= TASK TO CARRY OUT =
Below are entries; copy exactly the lines from the one with "using n by (auto" through the one with "(\<lambda>n. measure M", both included, and leave out the rest.

**** DATA PROVIDED ****

lemma (in prob_space) expectation_square_sum_indep:
  fixes X :: "'i \<Rightarrow> 'a \<Rightarrow> real"
  assumes fin: "finite I" and ind: "indep_vars (\<lambda>_. borel) X I"
    and sq: "\<And>i. i \<in> I \<Longrightarrow> integrable M (\<lambda>\<omega>. (X i \<omega>)\<^sup>2)"
    and mean: "\<And>i. i \<in> I \<Longrightarrow> expectation (X i) = 0"
  shows "integrable M (\<lambda>\<omega>. (\<Sum>i\<in>I. X i \<omega>)\<^sup>2)"
    and "expectation (\<lambda>\<omega>. (\<Sum>i\<in>I. X i \<omega>)\<^sup>2) = (\<Sum>i\<in>I. expectation (\<lambda>\<omega>. (X i \<omega>)\<^sup>2))"
proof -
  have int: "integrable M (X i)" if "i \<in> I" for i
  proof (rule square_integrable_imp_integrable)
    show "X i \<in> borel_measurable M" using ind[unfolded indep_vars_def] that by blast
  qed (rule sq[OF that])
  have square_sum: "(\<lambda>\<omega>. (\<Sum>i\<in>I. X i \<omega>)\<^sup>2) = (\<lambda>\<omega>. \<Sum>i\<in>I. \<Sum>j\<in>I. X i \<omega> * X j \<omega>)"
    by (simp add: power2_eq_square sum_product)
  have prod: "integrable M (\<lambda>\<omega>. X i \<omega> * X j \<omega>) \<and>
      expectation (\<lambda>\<omega>. X i \<omega> * X j \<omega>) = (if i = j then expectation (\<lambda>\<omega>. (X i \<omega>)\<^sup>2) else 0)"
    if ij: "i \<in> I" "j \<in> I" for i j
  proof (cases "i = j")
    case True
    then show ?thesis using sq[OF ij(1)] by (simp add: power2_eq_square)
  next
    case False
    have ind2: "indep_vars (\<lambda>_. borel) X {i, j}"
      by (rule indep_vars_subset[OF ind]) (use ij in auto)
    have "integrable M (\<lambda>\<omega>. \<Prod>k\<in>{i, j}. X k \<omega>)"
      by (rule indep_vars_integrable) (use ind2 int ij in auto)
    moreover have "expectation (\<lambda>\<omega>. \<Prod>k\<in>{i, j}. X k \<omega>) = (\<Prod>k\<in>{i, j}. expectation (X k))"
      by (rule indep_vars_lebesgue_integral) (use ind2 int ij in auto)
    moreover have "(\<lambda>\<omega>. \<Prod>k\<in>{i, j}. X k \<omega>) = (\<lambda>\<omega>. X i \<omega> * X j \<omega>)"
      using False by simp
    ultimately show ?thesis using False mean ij by simp
  qed
  show "integrable M (\<lambda>\<omega>. (\<Sum>i\<in>I. X i \<omega>)\<^sup>2)"
    unfolding square_sum using prod by (intro Bochner_Integration.integrable_sum) auto
  have "expectation (\<lambda>\<omega>. \<Sum>i\<in>I. \<Sum>j\<in>I. X i \<omega> * X j \<omega>)
      = (\<Sum>i\<in>I. \<Sum>j\<in>I. if i = j then expectation (\<lambda>\<omega>. (X i \<omega>)\<^sup>2) else 0)"
    using prod by (simp add: Bochner_Integration.integral_sum Bochner_Integration.integrable_sum)
  also have "\<dots> = (\<Sum>i\<in>I. expectation (\<lambda>\<omega>. (X i \<omega>)\<^sup>2))"
    using fin by simp
  finally show "expectation (\<lambda>\<omega>. (\<Sum>i\<in>I. X i \<omega>)\<^sup>2) = (\<Sum>i\<in>I. expectation (\<lambda>\<omega>. (X i \<omega>)\<^sup>2))"
    unfolding square_sum .
qed

lemma (in prob_space) variance_sum_indep:
  fixes X :: "'i \<Rightarrow> 'a \<Rightarrow> real"
  assumes fin: "finite I" and ind: "indep_vars (\<lambda>_. borel) X I"
    and sq: "\<And>i. i \<in> I \<Longrightarrow> integrable M (\<lambda>\<omega>. (X i \<omega>)\<^sup>2)"
  shows "integrable M (\<lambda>\<omega>. (\<Sum>i\<in>I. X i \<omega>)\<^sup>2)"
    and "variance (\<lambda>\<omega>. \<Sum>i\<in>I. X i \<omega>) = (\<Sum>i\<in>I. variance (X i))"
proof -
  have int: "integrable M (X i)" if "i \<in> I" for i
  proof (rule square_integrable_imp_integrable)
    show "X i \<in> borel_measurable M" using ind[unfolded indep_vars_def] that by blast
  qed (rule sq[OF that])
  define Y where "Y i \<omega> = X i \<omega> - expectation (X i)" for i \<omega>
  have Y_ind: "indep_vars (\<lambda>_. borel) Y I"
    unfolding Y_def by (rule indep_vars_compose2[OF ind]) auto
  have Y_int: "integrable M (Y i)" if "i \<in> I" for i
    unfolding Y_def using int[OF that] by simp
  have Y_sq: "integrable M (\<lambda>\<omega>. (Y i \<omega>)\<^sup>2)" if "i \<in> I" for i
    unfolding Y_def power2_diff using int[OF that] sq[OF that] by auto
  have Y_mean: "expectation (Y i) = 0" if "i \<in> I" for i
    unfolding Y_def using int[OF that] by (simp add: prob_space)
  have Y_sum: "integrable M (\<lambda>\<omega>. (\<Sum>i\<in>I. Y i \<omega>)\<^sup>2)"
    "expectation (\<lambda>\<omega>. (\<Sum>i\<in>I. Y i \<omega>)\<^sup>2) = (\<Sum>i\<in>I. expectation (\<lambda>\<omega>. (Y i \<omega>)\<^sup>2))"
    by (rule expectation_square_sum_indep[OF fin Y_ind]; simp add: Y_sq Y_mean)+
  define c where "c = (\<Sum>i\<in>I. expectation (X i))"
  have X_sum: "(\<Sum>i\<in>I. X i \<omega>) = (\<Sum>i\<in>I. Y i \<omega>) + c" for \<omega>
    by (simp add: Y_def c_def sum_subtractf)
  show "integrable M (\<lambda>\<omega>. (\<Sum>i\<in>I. X i \<omega>)\<^sup>2)"
    unfolding X_sum power2_sum using Y_sum(1) Y_int by (auto intro!: Bochner_Integration.integrable_sum)
  have "expectation (\<lambda>\<omega>. \<Sum>i\<in>I. X i \<omega>) = c"
    using int by (simp add: c_def Bochner_Integration.integral_sum)
  then show "variance (\<lambda>\<omega>. \<Sum>i\<in>I. X i \<omega>) = (\<Sum>i\<in>I. variance (X i))"
    using Y_sum(2) by (simp add: X_sum Y_def)
qed

lemma (in prob_space) prob_mean_deviation_le:
  fixes X :: "nat \<Rightarrow> 'a \<Rightarrow> real"
  assumes ind: "indep_vars (\<lambda>_. borel) X {1..}"
    and sq: "\<And>i. 1 \<le> i \<Longrightarrow> integrable M (\<lambda>\<omega>. (X i \<omega>)\<^sup>2)"
    and mean: "\<And>i. 1 \<le> i \<Longrightarrow> expectation (X i) = a"
    and var: "\<And>i. 1 \<le> i \<Longrightarrow> variance (X i) \<le> v"
    and e: "0 < e" and n: "1 \<le> n"
  shows "prob {\<omega> \<in> space M. e \<le> \<bar>(\<Sum>i=1..n. X i \<omega>) / real n - a\<bar>} \<le> v / (e\<^sup>2 * real n)"
proof -
  have [measurable]: "X i \<in> borel_measurable M" if "1 \<le> i" for i
    using ind[unfolded indep_vars_def] that by auto
  define f where "f \<omega> = (\<Sum>i=1..n. X i \<omega>)" for \<omega>
  have [measurable]: "f \<in> borel_measurable M" unfolding f_def by measurable
  have "indep_vars (\<lambda>_. borel) X {1..n}" by (rule indep_vars_subset[OF ind]) auto
  note f_var = variance_sum_indep[OF _ this, folded f_def]
  have "expectation f = real n * a"
    unfolding f_def using sq mean
    by (simp add: Bochner_Integration.integral_sum square_integrable_imp_integrable)
  then have "{\<omega> \<in> space M. e \<le> \<bar>(\<Sum>i=1..n. X i \<omega>) / real n - a\<bar>}
      = {\<omega> \<in> space M. e * real n \<le> \<bar>f \<omega> - expectation f\<bar>}"
    using n by (auto simp: f_def abs_div field_simps)
  also have "prob \<dots> \<le> variance f / (e * real n)\<^sup>2"
    by (rule Chebyshev_inequality) (use f_var(1) sq e n in auto)
  also have "\<dots> \<le> real n * v / (e * real n)\<^sup>2"
  proof (rule divide_right_mono)
    have "variance f = (\<Sum>i=1..n. variance (X i))" by (rule f_var(2)) (use sq in auto)
    also have "\<dots> \<le> real n * v" using sum_mono[of "{1..n}" _ "\<lambda>_. v"] var by simp
    finally show "variance f \<le> real n * v" .
  qed simp
  also have "\<dots> = v / (e\<^sup>2 * real n)"
    using n e by (simp add: field_simps power2_eq_square)
  finally show ?thesis .
qed

lemma (in prob_space) AE_mean_tendsto_along_squares:
  fixes X :: "nat \<Rightarrow> 'a \<Rightarrow> real"
  assumes ind: "indep_vars (\<lambda>_. borel) X {1..}"
    and sq: "\<And>i. 1 \<le> i \<Longrightarrow> integrable M (\<lambda>\<omega>. (X i \<omega>)\<^sup>2)"
    and mean: "\<And>i. 1 \<le> i \<Longrightarrow> expectation (X i) = a"
    and var: "\<And>i. 1 \<le> i \<Longrightarrow> variance (X i) \<le> v"
  shows "AE \<omega> in M. (\<lambda>n. (\<Sum>i=1..n\<^sup>2. X i \<omega>) / real (n\<^sup>2)) \<longlonglongrightarrow> a"
proof -
  have [measurable]: "X i \<in> borel_measurable M" if "1 \<le> i" for i
    using ind[unfolded indep_vars_def] that by auto
  have "AE \<omega> in M. (\<lambda>n. (\<Sum>i=1..n\<^sup>2. X i \<omega>) / real (n\<^sup>2) - a) \<longlonglongrightarrow> 0"
  proof (rule AE_LIMSEQ_zeroI)
    fix e :: real assume e: "0 < e"
    define A where "A n = {\<omega> \<in> space M. e \<le> \<bar>(\<Sum>i=1..n\<^sup>2. X i \<omega>) / real (n\<^sup>2) - a\<bar>}" for n
    have [measurable]: "A n \<in> sets M" for n unfolding A_def by measurable
    have bound: "measure M (A n) \<le> v / e\<^sup>2 * inverse (real n ^ 2)" if "1 \<le> n" for n
      using prob_mean_deviation_le[OF ind sq mean var e, of "n\<^sup>2"] that
      by (simp add: A_def field_simps)
    have "summable (\<lambda>n. v / e\<^sup>2 * inverse (real n ^ 2))"
      by (intro summable_mult inverse_power_summable) simp
    then have "summable (\<lambda>n. measure M (A n))"
      by (rule summable_comparison_test'[where N = 1]) (use bound in auto)
    then have "AE \<omega> in M. eventually (\<lambda>n. \<omega> \<in> space M - A n) sequentially"
      by (intro borel_cantelli_AE1) (simp_all add: less_top[symmetric])
    then show "AE \<omega> in M. eventually
        (\<lambda>n. \<bar>(\<Sum>i=1..n\<^sup>2. X i \<omega>) / real (n\<^sup>2) - a\<bar> < e) sequentially"
      by (rule AE_mp) (auto intro!: AE_I2 elim!: eventually_mono simp: A_def not_le)
  qed
  then show ?thesis by (simp add: LIM_zero_iff)
qed

lemma (in prob_space) AE_mean_tendsto_nonneg:
  fixes X :: "nat \<Rightarrow> 'a \<Rightarrow> real"
  assumes ind: "indep_vars (\<lambda>_. borel) X {1..}"
    and sq: "\<And>i. 1 \<le> i \<Longrightarrow> integrable M (\<lambda>\<omega>. (X i \<omega>)\<^sup>2)"
    and mean: "\<And>i. 1 \<le> i \<Longrightarrow> expectation (X i) = a"
    and var: "\<And>i. 1 \<le> i \<Longrightarrow> variance (X i) \<le> v"
    and nonneg: "\<And>i. 1 \<le> i \<Longrightarrow> AE \<omega> in M. 0 \<le> X i \<omega>"
  shows "AE \<omega> in M. (\<lambda>n. (\<Sum>i=1..n. X i \<omega>) / real n) \<longlonglongrightarrow> a"
proof -
  have "AE \<omega> in M. \<forall>i. 1 \<le> i \<longrightarrow> 0 \<le> X i \<omega>"
    unfolding AE_all_countable using nonneg by auto
  moreover have "AE \<omega> in M. (\<lambda>n. (\<Sum>i=1..n\<^sup>2. X i \<omega>) / real (n\<^sup>2)) \<longlonglongrightarrow> a"
    by (rule AE_mean_tendsto_along_squares[OF ind]) (rule sq mean var, assumption)+
  ultimately show ?thesis
  proof eventually_elim
    case (elim \<omega>)
    have mono: "incseq (xarr (\<lambda>i. X i \<omega>))" by (rule incseq_xarr) (use elim in auto)
    have "(\<lambda>k. xarr (\<lambda>i. X i \<omega>) k / real k) \<longlonglongrightarrow> a"
    proof (rule tendsto_over_n_of_squares[OF mono])
      show "0 \<le> xarr (\<lambda>i. X i \<omega>) k" for k using incseqD[OF mono, of 0 k] by simp
      show "(\<lambda>n. xarr (\<lambda>i. X i \<omega>) (n\<^sup>2) / real (n\<^sup>2)) \<longlonglongrightarrow> a"
        using elim(2) by (simp add: xarr_eq_sum)
    qed
    then show ?case by (simp add: xarr_eq_sum)
  qed
qed

lemma (in prob_space) expectation_ycomp_minus_xarr_over_n_tendsto:
  fixes \<alpha> :: "nat \<Rightarrow> 'a \<Rightarrow> real"
  assumes m: "1 \<le> m" and b: "0 \<le> b" and c: "0 \<le> c"
    and meas: "\<And>i. 1 \<le> i \<Longrightarrow> \<alpha> i \<in> borel_measurable M"
    and nonneg: "\<And>i. 1 \<le> i \<Longrightarrow> AE \<omega> in M. 0 \<le> \<alpha> i \<omega>"
    and lim: "AE \<omega> in M. (\<lambda>k. xarr (\<lambda>i. \<alpha> i \<omega>) k / real k) \<longlonglongrightarrow> a"
  defines "G k \<omega> \<equiv> (ycomp m b c (\<lambda>i. \<alpha> i \<omega>) k - xarr (\<lambda>i. \<alpha> i \<omega>) k) / real k"
  shows "integrable M (G k)"
    and "(\<lambda>k. expectation (G k)) \<longlonglongrightarrow> max a (max b ((b + c) / real m)) - a"
proof -
  define \<mu> where "\<mu> = max b ((b + c) / real m)"
  have G_meas: "G k \<in> borel_measurable M" for k
    unfolding G_def xarr_eq_sum using borel_measurable_ycomp[of \<alpha> M] meas by measurable
  have nonneg_all: "AE \<omega> in M. \<forall>i. 1 \<le> i \<longrightarrow> 0 \<le> \<alpha> i \<omega>"
    unfolding AE_all_countable using nonneg by auto
  have G_bound: "AE \<omega> in M. norm (G k \<omega>) \<le> \<mu> + b + c" for k
    using nonneg_all
  proof eventually_elim
    case (elim \<omega>)
    show ?case unfolding G_def \<mu>_def real_norm_def
      by (rule abs_ycomp_minus_xarr_over_n_le[OF m b c]) (use elim in auto)
  qed
  show "integrable M (G k)" for k
    by (rule integrable_const_bound[OF G_bound G_meas])
  have G_lim: "AE \<omega> in M. (\<lambda>k. G k \<omega>) \<longlonglongrightarrow> max a \<mu> - a"
    using lim nonneg_all
  proof eventually_elim
    case (elim \<omega>)
    have "(\<lambda>k. ycomp m b c (\<lambda>i. \<alpha> i \<omega>) k / real k - xarr (\<lambda>i. \<alpha> i \<omega>) k / real k)
        \<longlonglongrightarrow> max a \<mu> - a"
      unfolding \<mu>_def
      by (intro tendsto_diff ycomp_over_n_tendsto[OF m b c] elim(1)) (use elim(2) in auto)
    then show ?case by (simp add: G_def diff_divide_distrib)
  qed
  have "(\<lambda>k. expectation (G k)) \<longlonglongrightarrow> expectation (\<lambda>_. max a \<mu> - a)"
    by (rule integral_dominated_convergence[OF _ G_meas _ G_lim G_bound]) auto
  then show "(\<lambda>k. expectation (G k)) \<longlonglongrightarrow> max a (max b ((b + c) / real m)) - a"
    by (simp add: prob_space \<mu>_def)
qed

****

= PROBLEM SOLUTION =
    using n by (auto simp: f_def abs_div field_simps)
  also have "prob \<dots> \<le> variance f / (e * real n)\<^sup>2"
    by (rule Chebyshev_inequality) (use f_var(1) sq e n in auto)
  also have "\<dots> \<le> real n * v / (e * real n)\<^sup>2"
  proof (rule divide_right_mono)
    have "variance f = (\<Sum>i=1..n. variance (X i))" by (rule f_var(2)) (use sq in auto)
    also have "\<dots> \<le> real n * v" using sum_mono[of "{1..n}" _ "\<lambda>_. v"] var by simp
    finally show "variance f \<le> real n * v" .
  qed simp
  also have "\<dots> = v / (e\<^sup>2 * real n)"
    using n e by (simp add: field_simps power2_eq_square)
  finally show ?thesis .
qed

lemma (in prob_space) AE_mean_tendsto_along_squares:
  fixes X :: "nat \<Rightarrow> 'a \<Rightarrow> real"
  assumes ind: "indep_vars (\<lambda>_. borel) X {1..}"
    and sq: "\<And>i. 1 \<le> i \<Longrightarrow> integrable M (\<lambda>\<omega>. (X i \<omega>)\<^sup>2)"
    and mean: "\<And>i. 1 \<le> i \<Longrightarrow> expectation (X i) = a"
    and var: "\<And>i. 1 \<le> i \<Longrightarrow> variance (X i) \<le> v"
  shows "AE \<omega> in M. (\<lambda>n. (\<Sum>i=1..n\<^sup>2. X i \<omega>) / real (n\<^sup>2)) \<longlonglongrightarrow> a"
proof -
  have [measurable]: "X i \<in> borel_measurable M" if "1 \<le> i" for i
    using ind[unfolded indep_vars_def] that by auto
  have "AE \<omega> in M. (\<lambda>n. (\<Sum>i=1..n\<^sup>2. X i \<omega>) / real (n\<^sup>2) - a) \<longlonglongrightarrow> 0"
  proof (rule AE_LIMSEQ_zeroI)
    fix e :: real assume e: "0 < e"
    define A where "A n = {\<omega> \<in> space M. e \<le> \<bar>(\<Sum>i=1..n\<^sup>2. X i \<omega>) / real (n\<^sup>2) - a\<bar>}" for n
    have [measurable]: "A n \<in> sets M" for n unfolding A_def by measurable
    have bound: "measure M (A n) \<le> v / e\<^sup>2 * inverse (real n ^ 2)" if "1 \<le> n" for n
      using prob_mean_deviation_le[OF ind sq mean var e, of "n\<^sup>2"] that
      by (simp add: A_def field_simps)
    have "summable (\<lambda>n. v / e\<^sup>2 * inverse (real n ^ 2))"
      by (intro summable_mult inverse_power_summable) simp
    then have "summable (\<lambda>n. measure M (A n))"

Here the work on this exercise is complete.